** Source data **

lemma bounded_ncE:
  assumes "bounded_nc nrm D" "k \<ge> 1"
  obtains M where "0 < M" "\<forall>z\<in>D k. nrm k z \<le> M"
proof -
  obtain M0 where "\<forall>k\<ge>1. \<forall>x\<in>D k. nrm k x \<le> M0"
    using assms(1) unfolding bounded_nc_def by blast
  with assms(2) show ?thesis by (intro that[of "max M0 1"]) (simp_all add: le_max_iff_disj)
qed

locale nc_dom = op_space sc nrm
  for sc :: "complex \<Rightarrow> 'v::ab_group_add \<Rightarrow> 'v" and nrm :: "nat \<Rightarrow> 'v mat \<Rightarrow> real" +
  fixes D :: "nat \<Rightarrow> 'v mat set"
  assumes nc_domain: "nc_domain nrm D"
begin

lemma is_mat_if_mem: "x \<in> D n \<Longrightarrow> is_mat n n x"
  and dsum_mem: "n \<ge> 1 \<Longrightarrow> m \<ge> 1 \<Longrightarrow> a \<in> D n \<Longrightarrow> c \<in> D m \<Longrightarrow> dsum n m a c \<in> D (n + m)"
  and open_ball_subset: "n \<ge> 1 \<Longrightarrow> x \<in> D n \<Longrightarrow>
    \<exists>e>0. \<forall>y. is_mat n n y \<and> nrm n (mat_diff y x) < e \<longrightarrow> y \<in> D n"
  using nc_domain unfolding nc_domain_def by blast+

context
  fixes n :: nat and M :: real
  assumes n: "n \<ge> 1" and M: "0 < M" and bounded: "\<forall>z\<in>D (n + n). nrm (n + n) z \<le> M"
begin

lemma nrm_div_le_nc_delta_tilde:
  assumes x: "x \<in> D n" and y: "y \<in> D n"
  shows "ereal (nrm n (mat_diff x y) / M) \<le> nc_delta_tilde sc D n x y"
proof -
  define \<delta> where "\<delta> = nrm n (mat_diff x y)"
  have xy: "is_mat n n x" "is_mat n n y" "is_mat n n (mat_diff x y)"
    using is_mat_if_mem[OF x] is_mat_if_mem[OF y] is_mat_mat_diff by blast+
  show ?thesis
  proof (cases "\<delta> = 0")
    case True
    then show ?thesis
      by (simp add: \<delta>_def nc_delta_tilde_def nc_delta_nonneg zero_ereal_def[symmetric])
  next
    case False
    with nrm_nonneg[OF n xy(3)] have "0 < \<delta>" by (simp add: \<delta>_def)
    have "ereal (1 / (M / \<delta>)) \<le> nc_delta sc D n n x y (mat_diff x y)"
    proof (rule nc_delta_ge_inverse)
      show "0 < M / \<delta>" using M \<open>0 < \<delta>\<close> by simp
      show "blk n n x (mat_scale sc 0 (mat_diff x y)) y \<in> D (n + n)"
        using dsum_mem[OF n n x y] by (simp add: mat_scale_zero_left dsum_def)
      show "\<forall>s. 0 \<le> s \<and> blk n n x (mat_scale sc (complex_of_real s) (mat_diff x y)) y \<in> D (n + n)
          \<longrightarrow> s \<le> M / \<delta>"
      proof (intro allI impI)
        fix s :: real
        let ?X = "mat_scale sc (complex_of_real s) (mat_diff x y)"
        assume s: "0 \<le> s \<and> blk n n x ?X y \<in> D (n + n)"
        have "s * \<delta> = nrm n ?X" using nrm_mat_scale[OF n xy(3)] s by (simp add: \<delta>_def)
        also have "\<dots> \<le> nrm (n + n) (blk n n x ?X y)"
          by (rule nrm_le_upper_right_block[OF n xy(1) is_mat_mat_scale[OF xy(3)] xy(2)])
        also have "\<dots> \<le> M" using bounded s by blast
        finally show "s \<le> M / \<delta>" using \<open>0 < \<delta>\<close> by (simp add: field_simps)
      qed
    qed
    then show ?thesis using M \<open>0 < \<delta>\<close> by (simp add: nc_delta_tilde_def \<delta>_def)
  qed
qed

** Activity **
In the entries above, find the line with "using is_mat_if_mem[OF x]" and the line with "< \<delta>\<close> by simp", then set down exactly those two and every line between them, nothing else.

** Answer section **
    using is_mat_if_mem[OF x] is_mat_if_mem[OF y] is_mat_mat_diff by blast+
  show ?thesis
  proof (cases "\<delta> = 0")
    case True
    then show ?thesis
      by (simp add: \<delta>_def nc_delta_tilde_def nc_delta_nonneg zero_ereal_def[symmetric])
  next
    case False
    with nrm_nonneg[OF n xy(3)] have "0 < \<delta>" by (simp add: \<delta>_def)
    have "ereal (1 / (M / \<delta>)) \<le> nc_delta sc D n n x y (mat_diff x y)"
    proof (rule nc_delta_ge_inverse)
      show "0 < M / \<delta>" using M \<open>0 < \<delta>\<close> by simp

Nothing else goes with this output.